Ещё слегка поколотив замоченную рубашку, навья потянулась за мешком со сменой, но с ним вышла заминка.
– Какой рукожоп так по-дурацки затянул этот узел? – проворчала она себе под нос, возясь с завязками.
Ответ был очевиден: она сама и затянула, а теперь вот поди распутай... С единственной здоровой рукой задача усложнялась, пришлось пускать в ход зубы. Северга, в общем-то, недурно наловчилась вязать узлы и одной рукой, но в этот раз, похоже, что-то намудрила.
– Давай, я помогу...
Северга вскинула взгляд: незваная гостья с распущенным по плечам и спине белокурым плащом волос уселась перед нею на пятки. Глазищи – два голубых озера, подёрнутых сероватым туманом, на розовых губах – игривая улыбка.
– Я же сказала, что не одета, – довольно нелюбезно буркнула Северга.
– Это ничего, – не сводя с неё взор этих туманных омутов, молвила Свея.
Тонкими ловкими пальцами она распутала узел, но не спешила отдавать мешок навье. Её рука протянулась к Северге и заскользила по её коже – от левого плеча к правому через грудь.

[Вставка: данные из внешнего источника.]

(* Let $U\subset\mathbb{R}^n$ be open, $V\in C(\mathbb{T}^n)$, $c\in\mathbb{R}$, and let $w_1,w_2\in W^{1,\infty}(U)$ satisfy $\frac12|Dw_i|^2+V(x)\le c$ for a.e. $x\in U$, $i=1,2$. Suppose there is $\eta\in AC([a,b],U)$ such that for $i=1,2$, $$\int_a^b\Big(\tfrac12|\dot\eta(t)|^2-V(\eta(t))+c\Big)\,dt=w_i(\eta(b))-w_i(\eta(a)).$$ Then: (1) $\frac12|\dot\eta(t)|^2+V(\eta(t))=c$ for a.e. $t\in[a,b]$ (in particular $\eta$ is Lipschitz); (2) if $\eta$ is differentiable at $t_0\in(a,b)$, then $w_1,w_2$ are differentiable at $\eta(t_0)$ and $Dw_1(\eta(t_0))=Dw_2(\eta(t_0))=\dot\eta(t_0)$; (3) for every $x\in\eta((a,b))$, $w_1-w_2$ is differentiable at $x$ and $D(w_1-w_2)(x)=0$.
   Context: $V$ is a continuous $\mathbb{Z}^n$-periodic function on $\mathbb{R}^n$. $AC([a,b],U)$ denotes absolutely continuous curves $[a,b]\to U$. *)

theory Defs
  imports "HOL-Analysis.Analysis"
begin

text \<open>Continuous \<open>\<int>\<^sup>n\<close>-periodic potential on \<open>\<real>\<^sup>n\<close>, i.e. an element of \<open>C(\<T>\<^sup>n)\<close>.\<close>
definition periodic_potential :: "(real^'n \<Rightarrow> real) \<Rightarrow> bool" where
  "periodic_potential V \<longleftrightarrow> continuous_on UNIV V \<and>
     (\<forall>x k. (\<forall>i. k $ i \<in> \<int>) \<longrightarrow> V (x + k) = V x)"

definition AC_curve :: "real \<Rightarrow> real \<Rightarrow> 'a::real_normed_vector set \<Rightarrow> (real \<Rightarrow> 'a) \<Rightarrow> bool" where
  "AC_curve a b U \<eta> \<longleftrightarrow> \<eta> ` {a..b} \<subseteq> U \<and>
     (\<forall>\<epsilon>>0. \<exists>\<delta>>0. \<forall>D. finite D \<and> (\<forall>(s,t)\<in>D. a \<le> s \<and> s < t \<and> t \<le> b) \<and>
        pairwise (\<lambda>(s,t) (s',t'). {s<..<t} \<inter> {s'<..<t'} = {}) D \<and>
        (\<Sum>(s,t)\<in>D. t - s) < \<delta> \<longrightarrow> (\<Sum>(s,t)\<in>D. norm (\<eta> t - \<eta> s)) < \<epsilon>)"

definition test_function :: "(real^'n) set \<Rightarrow> (real^'n \<Rightarrow> real) \<Rightarrow> (real^'n \<Rightarrow> real^'n) \<Rightarrow> bool" where
  "test_function U \<phi> d\<phi> \<longleftrightarrow>
     (\<forall>x. (\<phi> has_derivative (\<lambda>h. d\<phi> x \<bullet> h)) (at x)) \<and> continuous_on UNIV d\<phi> \<and>
     compact (closure {x. \<phi> x \<noteq> 0}) \<and> closure {x. \<phi> x \<noteq> 0} \<subseteq> U"

definition weak_gradient_on :: "(real^'n) set \<Rightarrow> (real^'n \<Rightarrow> real) \<Rightarrow> (real^'n \<Rightarrow> real^'n) \<Rightarrow> bool" where
  "weak_gradient_on U w g \<longleftrightarrow>
     (\<forall>\<phi> d\<phi> i. test_function U \<phi> d\<phi> \<longrightarrow>
        ((\<lambda>x. g x $ i * \<phi> x) absolutely_integrable_on U) \<and>
        ((\<lambda>x. w x * d\<phi> x $ i) absolutely_integrable_on U) \<and>
        integral U (\<lambda>x. w x * d\<phi> x $ i) = - integral U (\<lambda>x. g x $ i * \<phi> x))"

text \<open>\<open>w \<in> W\<^sup>1\<^sup>,\<^sup>\<infinity>(U)\<close> (continuous representative) with weak gradient \<open>g \<in> L\<^sup>\<infinity>(U)\<close>.\<close>
definition W1inf_grad :: "(real^'n) set \<Rightarrow> (real^'n \<Rightarrow> real) \<Rightarrow> (real^'n \<Rightarrow> real^'n) \<Rightarrow> bool" where
  "W1inf_grad U w g \<longleftrightarrow>
     continuous_on U w \<and> (\<exists>M. \<forall>x\<in>U. \<bar>w x\<bar> \<le> M) \<and>
     g \<in> borel_measurable (lebesgue_on U) \<and>
     (\<exists>M. AE x in lebesgue. x \<in> U \<longrightarrow> norm (g x) \<le> M) \<and>
     weak_gradient_on U w g"

end

theory Submission
  imports Defs
begin

text \<open>
  A weak gradient bounded by \<open>k\<close> near \<open>x\<close> makes \<open>w\<close> locally \<open>(k(x) + \<epsilon>)\<close>-Lipschitz (mollify and
  differentiate along segments). Along an absolutely continuous curve a Dini-type argument then gives
  \<open>w(\<eta> t) - w(\<eta> s) \<le> \<integral>\<^sub>s\<^sup>t k(\<eta>) \<bar>\<eta>'\<bar>\<close> with \<open>k = \<surd>(2(c - V))\<close>. Since \<open>k \<bar>\<eta>'\<bar> \<le> \<bar>\<eta>'\<bar>\<^sup>2/2 + c - V\<close>,
  calibration forces equality: \<open>\<bar>\<eta>'\<bar> = k(\<eta>)\<close> a.e., which is energy conservation, and
  \<open>w(\<eta> t) - w(\<eta> s) = \<integral>\<^sub>s\<^sup>t k(\<eta>)\<^sup>2\<close> on every subinterval.

  So at \<open>x = \<eta> t\<^sub>0\<close> the function \<open>w\<close> grows along \<open>\<eta>\<close>, in both time directions, at the maximal rate
  \<open>k(x)\<^sup>2\<close> allowed by its Lipschitz constant and the speed of \<open>\<eta>\<close>. Comparing \<open>w (x + y)\<close> with
  \<open>w (\<eta> (t\<^sub>0 \<pm> M\<bar>y\<bar>))\<close> by AM-GM shows that the chord \<open>(\<eta> (t\<^sub>0 + M\<bar>y\<bar>) - x) / (M\<bar>y\<bar>)\<close> is a gradient
  of \<open>w\<close> at \<open>x\<close> up to an error \<open>O(1/M)\<close>. The chord depends only on \<open>\<eta>\<close>, so it serves \<open>w\<^sub>1\<close> and \<open>w\<^sub>2\<close>
  alike; this gives \<open>D(w\<^sub>1 - w\<^sub>2)(x) = 0\<close> even where \<open>\<eta>\<close> is not differentiable.
\<close>

section \<open>Bump functions\<close>

definition bump_profile :: "real \<Rightarrow> real" where
  "bump_profile s = (max 0 s)\<^sup>2"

– У тебя столько шрамов... – Подсев поближе, девушка отложила мешок и принялась трогать старые боевые рубцы уже двумя руками. – Я никогда не видела, чтобы у кого-то было столько следов от ран...

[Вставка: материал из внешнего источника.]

text \<open>If \<open>G\<close> is closed under convex combinations and \<open>f\<^sub>n = h\<^sub>n + cnj g\<^sub>n\<close> lie in
\<open>G\<^sub>H\<^sup>0\<close>, then for every unimodular \<open>\<epsilon>\<close> the series \<open>\<Sum> t\<^sub>n (h\<^sub>n + \<epsilon> g\<^sub>n)\<close> converges to a
member \<open>C\<^sub>\<epsilon>\<close> of \<open>G\<close>; the sums \<open>H = \<Sum> t\<^sub>n h\<^sub>n\<close> and \<open>K = \<Sum> t\<^sub>n g\<^sub>n\<close> are
\<open>(C\<^sub>1 \<plusminus> C\<^sub>-\<^sub>1)/2\<close>, hence analytic, and \<open>H + \<epsilon> K = C\<^sub>\<epsilon>\<close>, so \<open>H + cnj K\<close> lies in \<open>G\<^sub>H\<^sup>0\<close>.

Conversely, members of \<open>G\<close> lie in \<open>G\<^sub>H\<^sup>0\<close> with co-analytic part \<open>0\<close>, so a convex
combination of them is some \<open>h + cnj g\<close> in \<open>G\<^sub>H\<^sup>0\<close>. It is also a pointwise limit of
analytic partial sums; by the Baire category theorem these are uniformly bounded on some
small disk, where Montel's theorem makes the limit analytic. There both \<open>g\<close> and \<open>cnj g\<close> are
analytic, so \<open>g\<close> is constant, on the whole unit disk by analytic continuation, and
\<open>g 0 = 0\<close> because \<open>h \<plusminus> g\<close> belong to \<open>S\<close>. Thus the combination equals \<open>h + g\<close>, a member of \<open>G\<close>.\<close>

lemma constant_on_if_holomorphic_cnj:
  assumes "g holomorphic_on S" "(\<lambda>z. cnj (g z)) holomorphic_on S" "open S" "convex S"
  shows "g constant_on S"
proof -
  have "(g has_field_derivative 0) (at z within S)" if "z \<in> S" for z
  proof -
    obtain a where a: "(g has_field_derivative a) (at z)"
      using assms(1,3) \<open>z \<in> S\<close> holomorphic_on_imp_differentiable_at field_differentiable_def
      by blast
    obtain b where b: "((\<lambda>z. cnj (g z)) has_field_derivative b) (at z)"
      using assms(2,3) \<open>z \<in> S\<close> holomorphic_on_imp_differentiable_at field_differentiable_def
      by blast
    have "((\<lambda>z. cnj (g z)) has_derivative (\<lambda>h. cnj (a * h))) (at z)"
      using bounded_linear.has_derivative[OF bounded_linear_cnj a[unfolded has_field_derivative_def]]
      by simp
    then have "(\<lambda>h. cnj (a * h)) = (*) b"
      using has_derivative_unique b[unfolded has_field_derivative_def] by blast
    \<comment> \<open>the real-linear map \<open>h \<mapsto> cnj (a h)\<close> is complex-linear only for \<open>a = 0\<close>\<close>
    then have "cnj a = b" "cnj (a * \<i>) = b * \<i>"
      by (metis mult_1_right)+
    then have "a = 0"
      by (simp add: complex_eq_iff)
    with a show ?thesis
      using has_field_derivative_at_within by blast
  qed
  then show ?thesis
    unfolding constant_on_def by (rule has_field_derivative_zero_constant[OF assms(4)])
qed

lemma pointwise_bounded_imp_bounded_on_ball:
  fixes P :: "nat \<Rightarrow> 'a::complete_space \<Rightarrow> 'b::real_normed_vector"
  assumes "open S" "S \<noteq> {}"
    and cont: "\<And>N. continuous_on S (P N)"
    and bnd: "\<And>z. z \<in> S \<Longrightarrow> \<exists>K. \<forall>N. norm (P N z) \<le> K"
  obtains x r M where "r > 0" "ball x r \<subseteq> S" "\<And>N z. z \<in> ball x r \<Longrightarrow> norm (P N z) \<le> M"
proof -
  define E where "E M = (\<Inter>N. S \<inter> (\<lambda>z. norm (P N z)) -` {..real M})" for M :: nat
  let ?X = "top_of_set S"
  have E_iff: "z \<in> E M \<longleftrightarrow> z \<in> S \<and> (\<forall>N. norm (P N z) \<le> real M)" for z M
    by (auto simp: E_def)
  have closed: "closedin ?X (E M)" for M
  proof -
    have "closedin ?X (S \<inter> (\<lambda>z. norm (P N z)) -` {..real M})" for N
      by (intro continuous_closedin_preimage continuous_intros cont)
    then show ?thesis
      unfolding E_def by (intro closedin_Inter) auto
  qed
  have cover: "\<Union> (range E) = S"
  proof
    show "S \<subseteq> \<Union> (range E)"
    proof
      fix z assume "z \<in> S"
      then obtain K where "\<And>N. norm (P N z) \<le> K"
        using bnd by blast
      then have "\<And>N. norm (P N z) \<le> real (nat \<lceil>K\<rceil>)"
        by (meson order.trans real_nat_ceiling_ge)
      with \<open>z \<in> S\<close> have "z \<in> E (nat \<lceil>K\<rceil>)"
        by (simp add: E_iff)
      then show "z \<in> \<Union> (range E)"
        by blast
    qed
  qed (use E_iff in blast)
  have "\<exists>M. ?X interior_of E M \<noteq> {}"
  proof (rule ccontr)
    have "completely_metrizable_space ?X"
      using completely_metrizable_space_openin[OF completely_metrizable_space_euclidean] \<open>open S\<close>
      by simp
    moreover assume "\<nexists>M. ?X interior_of E M \<noteq> {}"
    ultimately have "?X interior_of \<Union> (range E) = {}"
      using Baire_category_alt[of ?X "range E"] closed by auto
    moreover have "?X interior_of S = S"
      using interior_of_topspace[of ?X] by simp
    ultimately show False
      using cover \<open>S \<noteq> {}\<close> by simp
  qed
  then obtain M x where x: "x \<in> ?X interior_of E M"
    by blast
  moreover have "open (?X interior_of E M)"
    using openin_open_trans[OF openin_interior_of \<open>open S\<close>] .
  ultimately obtain r where r: "r > 0" "ball x r \<subseteq> ?X interior_of E M"
    using open_contains_ball by blast
  have "ball x r \<subseteq> E M"
    using r(2) interior_of_subset[of ?X "E M"] by (rule order.trans)
  then have "ball x r \<subseteq> S" and "\<And>N z. z \<in> ball x r \<Longrightarrow> norm (P N z) \<le> real M"
    using E_iff by auto
  then show ?thesis
    by (rule that[OF r(1)])
qed

lemma holomorphic_on_ball_if_pointwise_limit:
  fixes P :: "nat \<Rightarrow> complex \<Rightarrow> complex"
  assumes "open S" "S \<noteq> {}"
    and holo: "\<And>N. P N holomorphic_on S"
    and lim: "\<And>z. z \<in> S \<Longrightarrow> (\<lambda>N. P N z) \<longlonglongrightarrow> F z"
  obtains x r where "r > 0" "ball x r \<subseteq> S" "F holomorphic_on ball x r"
proof -
  have "\<exists>K. \<forall>N. norm (P N z) \<le> K" if "z \<in> S" for z
    using convergent_imp_Bseq[OF convergentI[OF lim[OF that]]] by (auto simp: Bseq_def)
  with assms(1,2) obtain x r M where r: "r > 0" "ball x r \<subseteq> S"
    and bound: "\<And>N z. z \<in> ball x r \<Longrightarrow> norm (P N z) \<le> M"
    using pointwise_bounded_imp_bounded_on_ball holomorphic_on_imp_continuous_on[OF holo]
    by metis
  obtain \<phi> \<rho> where \<phi>: "\<phi> holomorphic_on ball x r" "strict_mono (\<rho> :: nat \<Rightarrow> nat)"
    "\<And>z. z \<in> ball x r \<Longrightarrow> (\<lambda>n. P (\<rho> n) z) \<longlonglongrightarrow> \<phi> z"
  proof (rule Montel[of "ball x r" "range P" P])
    show "p holomorphic_on ball x r" if "p \<in> range P" for p
      using that holo r(2) holomorphic_on_subset by blast
    show "\<exists>B. \<forall>p\<in>range P. \<forall>z\<in>K. norm (p z) \<le> B" if "K \<subseteq> ball x r" for K
      using that bound by blast
  qed auto
  have "\<phi> z = F z" if "z \<in> ball x r" for z
  proof (rule LIMSEQ_unique[OF \<phi>(3)[OF that]])
    show "(\<lambda>n. P (\<rho> n) z) \<longlonglongrightarrow> F z"
      using LIMSEQ_subseq_LIMSEQ[OF lim \<phi>(2)] that r(2) by (auto simp: comp_def)
  qed
  then have "F holomorphic_on ball x r"
    using \<phi>(1) holomorphic_transform by blast
  with r show ?thesis
    using that by blast
qed

lemma constant_on_cnj_part_of_pointwise_limit:
  fixes P :: "nat \<Rightarrow> complex \<Rightarrow> complex"
  assumes "open S" "connected S"
    and "\<And>N. P N holomorphic_on S" "h holomorphic_on S" "g holomorphic_on S"
    and "\<And>z. z \<in> S \<Longrightarrow> (\<lambda>N. P N z) \<longlonglongrightarrow> h z + cnj (g z)"
  shows "g constant_on S"
proof (cases "S = {}")
  case False
  then obtain x r where r: "r > 0" "ball x r \<subseteq> S"
    and F: "(\<lambda>z. h z + cnj (g z)) holomorphic_on ball x r"
    using holomorphic_on_ball_if_pointwise_limit[OF assms(1) _ assms(3,6)] by metis
  have "(\<lambda>z. (h z + cnj (g z)) - h z) holomorphic_on ball x r"
    using holomorphic_on_diff[OF F holomorphic_on_subset[OF assms(4) r(2)]] .
  then have "g constant_on ball x r"
    using constant_on_if_holomorphic_cnj[OF holomorphic_on_subset[OF assms(5) r(2)]] by simp
  then obtain c where c: "\<And>z. z \<in> ball x r \<Longrightarrow> g z = c"
    unfolding constant_on_def by blast
  have "g z = c" if "z \<in> S" for z
    using analytic_continuation_open[of "ball x r" S g "\<lambda>_. c"] r c assms that by auto
  then show ?thesis
    unfolding constant_on_def by blast
qed (simp add: constant_on_def)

Она была уже слишком близко – Северга чувствовала тепло её дыхания. Прежде близость прекрасного, налитого молодыми соками девичьего тела мгновенно будоражила зверя в навье – казалось бы, не так уж давно он дрожал от желания, когда Голуба сидела на коленях у Северги... Но, видно, осколок белогорской стали делал своё разрушительное дело: теперь зверь даже не шелохнулся. То, без чего навья когда-то не представляла своей жизни, будто отсохло, став ненужным. Только досада и ворохнулась лениво медведем берложным...
– Ты зачем пришла? – спросила Северга холодно.

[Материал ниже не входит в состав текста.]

lemma integral_square_sum_iid:
  fixes u :: "'a \<Rightarrow> real" and I :: "'i set"
  assumes Q: "prob_space Q" and I: "finite I"
    and u[measurable]: "u \<in> borel_measurable Q"
    and u2: "integrable Q (\<lambda>z. (u z)\<^sup>2)" and u0: "(\<integral>z. u z \<partial>Q) = 0"
  shows "integrable (PiM I (\<lambda>_. Q)) (\<lambda>a. (\<Sum>i\<in>I. u (a i))\<^sup>2)"
    and "(\<integral>a. (\<Sum>i\<in>I. u (a i))\<^sup>2 \<partial>PiM I (\<lambda>_. Q)) = real (card I) * (\<integral>z. (u z)\<^sup>2 \<partial>Q)"
proof -
  interpret Q: prob_space Q by fact
  define M where "M = PiM I (\<lambda>_. Q)"
  interpret product_sigma_finite "\<lambda>_::'i. Q"
    by (simp add: product_sigma_finite_def Q.sigma_finite_measure_axioms)
  have component: "integrable M (\<lambda>a. f (a i)) \<and> (\<integral>a. f (a i) \<partial>M) = (\<integral>z. f z \<partial>Q)"
    if "i \<in> I" "f \<in> borel_measurable Q" "integrable Q f" for i and f :: "'a \<Rightarrow> real"
  proof -
    have m: "(\<lambda>a. a i) \<in> measurable M Q" unfolding M_def using that by simp
    have "distr M Q (\<lambda>a. a i) = Q"
      unfolding M_def using distr_PiM_component[of I "\<lambda>_. Q" i] that Q by auto
    then show ?thesis
      using integrable_distr_eq[OF m, of f] integral_distr[OF m, of f] that by simp
  qed
  have product_integrable: "integrable M (\<lambda>a. u (a i) * u (a j))" if "i \<in> I" "j \<in> I" for i j
  proof (rule Bochner_Integration.integrable_bound)
    show "integrable M (\<lambda>a. (u (a i))\<^sup>2 + (u (a j))\<^sup>2)"
      using component[OF that(1) _ u2] component[OF that(2) _ u2] by auto
    show "(\<lambda>a. u (a i) * u (a j)) \<in> borel_measurable M" unfolding M_def using that by simp
    show "AE a in M. norm (u (a i) * u (a j)) \<le> norm ((u (a i))\<^sup>2 + (u (a j))\<^sup>2)"
      by (intro AE_I2 norm_mult_le_sum_squares)
  qed
  \<comment> \<open>Distinct coordinates are independent and centred, so the cross terms vanish.\<close>
  have cross: "(\<integral>a. u (a i) * u (a j) \<partial>M) = 0" if "i \<in> I" "j \<in> I" "i \<noteq> j" for i j
  proof -
    have m: "(\<lambda>a. \<lambda>l\<in>{i, j}. a l) \<in> measurable M (PiM {i, j} (\<lambda>_. Q))"
      unfolding M_def by (intro measurable_restrict measurable_component_singleton) (use that in auto)
    have "distr M (PiM {i, j} (\<lambda>_. Q)) (\<lambda>a. \<lambda>l\<in>{i, j}. a l) = PiM {i, j} (\<lambda>_. Q)"
      unfolding M_def using distr_PiM_reindex[of I "\<lambda>_. Q" id "{i, j}"] that Q by (simp add: Pi_iff)
    then have "(\<integral>a. u (a i) * u (a j) \<partial>M) = (\<integral>x. (\<Prod>l\<in>{i, j}. u (x l)) \<partial>PiM {i, j} (\<lambda>_. Q))"
      using integral_distr[OF m, of "\<lambda>x. \<Prod>l\<in>{i, j}. u (x l)"] that by simp
    also have "\<dots> = (\<Prod>l\<in>{i, j}. \<integral>z. u z \<partial>Q)"
      by (rule product_integral_prod) (use Q.square_integrable_imp_integrable[OF u u2] in auto)
    finally show ?thesis using u0 that by simp
  qed
  have square_eq: "(\<Sum>i\<in>I. u (a i))\<^sup>2 = (\<Sum>i\<in>I. \<Sum>j\<in>I. u (a i) * u (a j))" for a
    unfolding power2_eq_square sum_product ..
  show "integrable (PiM I (\<lambda>_. Q)) (\<lambda>a. (\<Sum>i\<in>I. u (a i))\<^sup>2)"
    unfolding square_eq M_def[symmetric] using product_integrable by auto
  have "(\<integral>a. (\<Sum>i\<in>I. u (a i))\<^sup>2 \<partial>M) = (\<Sum>i\<in>I. \<Sum>j\<in>I. \<integral>a. u (a i) * u (a j) \<partial>M)"
    unfolding square_eq using product_integrable by (simp add: Bochner_Integration.integral_sum)
  also have "\<dots> = (\<Sum>i\<in>I. \<integral>a. u (a i) * u (a i) \<partial>M)"
  proof (rule sum.cong[OF refl])
    fix i assume i: "i \<in> I"
    have "(\<Sum>j\<in>I. \<integral>a. u (a i) * u (a j) \<partial>M) = (\<Sum>j\<in>{i}. \<integral>a. u (a i) * u (a j) \<partial>M)"
      by (rule sum.mono_neutral_right) (use I i cross in auto)
    then show "(\<Sum>j\<in>I. \<integral>a. u (a i) * u (a j) \<partial>M) = (\<integral>a. u (a i) * u (a i) \<partial>M)" by simp
  qed
  also have "\<dots> = (\<Sum>i\<in>I. \<integral>z. (u z)\<^sup>2 \<partial>Q)"
    using component[OF _ _ u2] by (simp add: power2_eq_square)
  finally show "(\<integral>a. (\<Sum>i\<in>I. u (a i))\<^sup>2 \<partial>PiM I (\<lambda>_. Q)) = real (card I) * (\<integral>z. (u z)\<^sup>2 \<partial>Q)"
    unfolding M_def by simp
qed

– Захотелось тебя увидеть, – проворковала Свея, а сама всё ластилась, всё гладила ладонями, подобравшись к навье теперь уже со спины. – Нравишься ты мне... Хочу тебя.
– И для чего я тебе понадобилась? – хмыкнула навья, терпя эти поглаживания. – У тебя же Птаха есть.
– Да, есть, – мурлыкнула девушка, касаясь тёплым дыханием её плеча. – Птаха – она хорошая, добрая, любит меня. Но она – простая слишком... Как полено. А ты – необыкновенная. Я таких, как ты, никогда прежде не видела.
– На новизну тебя потянуло, стало быть, – усмехнулась Северга. – Вот только не понимаешь головкой своей молоденькой и глупой, что такими, как Птаха, не разбрасываются. «Как полено!» Слышала бы она, как ты о ней за глаза отзываешься, рассыпалась бы в прах вся её вера в любовь твою. Что ж это за любовь такая, ежели с ней по лесам прячешься, а на меня готова запрыгнуть чуть ли не под носом у своей матушки, неодобрения которой ты якобы так боишься? Нет, голубушка, ступай-ка ты отсюда. Во-первых, не могу я так подленько поступить с Птахой после всего, что она для меня сделала, а во-вторых... – У Северги вырвался вздох. – Во-вторых, не жилец я. Недолго мне землю топтать осталось, нечего за меня и цепляться. Ну, всё, всё... – Северга мягко подталкивала обескураженную девушку к выходу. – Иди, откуда пришла, и больше таких глупостей не делай.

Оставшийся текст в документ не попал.